[EXERCISE]
Return only what lies between the first line of the entries and the line containing "by (simp add: susp_to_join_join_to_susp[OF", both lines included.

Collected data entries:
════════════════════

lemma supp_susp_to_join_join_to_susp:
  assumes f: "f \<in> SX_minus_Y"
  shows "supp (susp_to_join (join_to_susp f)) \<subseteq> supp f"
proof
  fix x assume "x \<in> supp (susp_to_join (join_to_susp f))"
  then have x: "join_pt (base f, height f) x \<noteq> 0"
    by (simp add: susp_to_join_join_to_susp[OF f] supp_def)
  have "f x \<noteq> 0"
  proof (cases x)
    case (Inl v)
    with x show ?thesis
      by (simp add: join_pt_def base_def)
  next
    case (Inr b)
    show ?thesis
    proof (cases b)
      case True
      with x Inr have "1/2 < height f"
        by (simp add: join_pt_def)
      then show ?thesis
        using Inr True height_gt_half_iff[OF f] SX_minus_Y_nonneg[OF f, of "Inr False"] by simp
    next
      case False
      with x Inr have "height f < 1/2"
        by (simp add: join_pt_def)
      then show ?thesis
        using Inr False height_lt_half_iff[OF f] SX_minus_Y_nonneg[OF f, of "Inr True"] by simp
    qed
  qed
  then show "x \<in> supp f"
    by (simp add: supp_def)
qed

lemma homotopic_susp_to_join_join_to_susp:
  "homotopic_with (\<lambda>_. True) (top_of_set SX_minus_Y) (top_of_set SX_minus_Y) (susp_to_join \<circ> join_to_susp) id"
proof (rule homotopic_with_id_straight_line)
  show continuous: "continuous_map (top_of_set SX_minus_Y) (top_of_set SX_minus_Y) (susp_to_join \<circ> join_to_susp)"
    using continuous_map_join_to_susp continuous_map_susp_to_join by (rule continuous_map_compose)
  fix f and l :: real
  assume f: "f \<in> SX_minus_Y" and l: "l \<in> {0..1}"
  have image: "susp_to_join (join_to_susp f) \<in> SX_minus_Y"
    using continuous_map_image_subset_topspace[OF continuous] f by auto
  show "(\<lambda>x. l * f x + (1 - l) * (susp_to_join \<circ> join_to_susp) f x) \<in> SX_minus_Y"
  proof (cases "l = 0")
    case True
    with image show ?thesis
      by simp
  next
    case False
    with l have "0 < l" "l \<le> 1"
      by auto
    have "f \<in> geom (susp_cx X)" "supp f \<notin> cx_image Inl Y"
      and "susp_to_join (join_to_susp f) \<in> geom (susp_cx X)"
      using f image unfolding SX_minus_Y_def geom_Diff_iff by auto
    with geom_convex_combination[OF _ _ supp_susp_to_join_join_to_susp[OF f] \<open>0 < l\<close> \<open>l \<le> 1\<close>]
    show ?thesis
      unfolding SX_minus_Y_def geom_Diff_iff by simp
  qed
qed

lemma height_apex: "height (apex True) = 1" "height (apex False) = 0"
  by (simp_all add: height_def apex_def o_def face_sum_zero)

lemma join_to_susp_apex: "join_to_susp (apex b) = Inl b"
  by (cases b) (simp_all add: join_to_susp_def susp_pt_def height_apex)

lemma join_to_susp_join_pt:
  "0 < s \<Longrightarrow> s < 1 \<Longrightarrow> join_to_susp (join_pt (g, s)) = susp_pt (g, height (join_pt (g, s)))"
  by (simp add: join_to_susp_def base_join_pt)

lemma homotopic_join_to_susp_susp_to_join:
  "homotopic_with (\<lambda>_. True) (suspension (top_of_set X_minus_Y)) (suspension (top_of_set X_minus_Y))
     (join_to_susp \<circ> susp_to_join) id"
proof -
  have "homotopic_with (\<lambda>_. True) (suspension (top_of_set X_minus_Y)) (suspension (top_of_set X_minus_Y))
      (\<lambda>x. case x of Inl b \<Rightarrow> Inl b | Inr p \<Rightarrow> susp_pt (fst p, height (join_pt p))) id"
  proof (rule homotopic_suspension_reparametrisation)
    have "continuous_on (X_minus_Y \<times> {0..1}) (height \<circ> join_pt)"
      using continuous_on_join_pt join_pt_in_SX_minus_Y
      by (intro continuous_on_compose continuous_on_subset[OF continuous_on_height]) auto
    then show "continuous_map (prod_topology (top_of_set X_minus_Y) (top_of_set {0..1})) euclideanreal
        (\<lambda>p. height (join_pt p))"
      by (simp add: o_def)
  qed (use join_pt_in_SX_minus_Y height_bounds in \<open>auto simp: join_pt_apex height_apex\<close>)
  then show ?thesis
    by (rule homotopic_with_eq)
      (auto simp: topspace_suspension susp_to_join_def join_to_susp_apex join_to_susp_join_pt)
qed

════════════════════

[RESPONSE TO THE EXERCISE]
lemma supp_susp_to_join_join_to_susp:
  assumes f: "f \<in> SX_minus_Y"
  shows "supp (susp_to_join (join_to_susp f)) \<subseteq> supp f"
proof
  fix x assume "x \<in> supp (susp_to_join (join_to_susp f))"
  then have x: "join_pt (base f, height f) x \<noteq> 0"
    by (simp add: susp_to_join_join_to_susp[OF f] supp_def)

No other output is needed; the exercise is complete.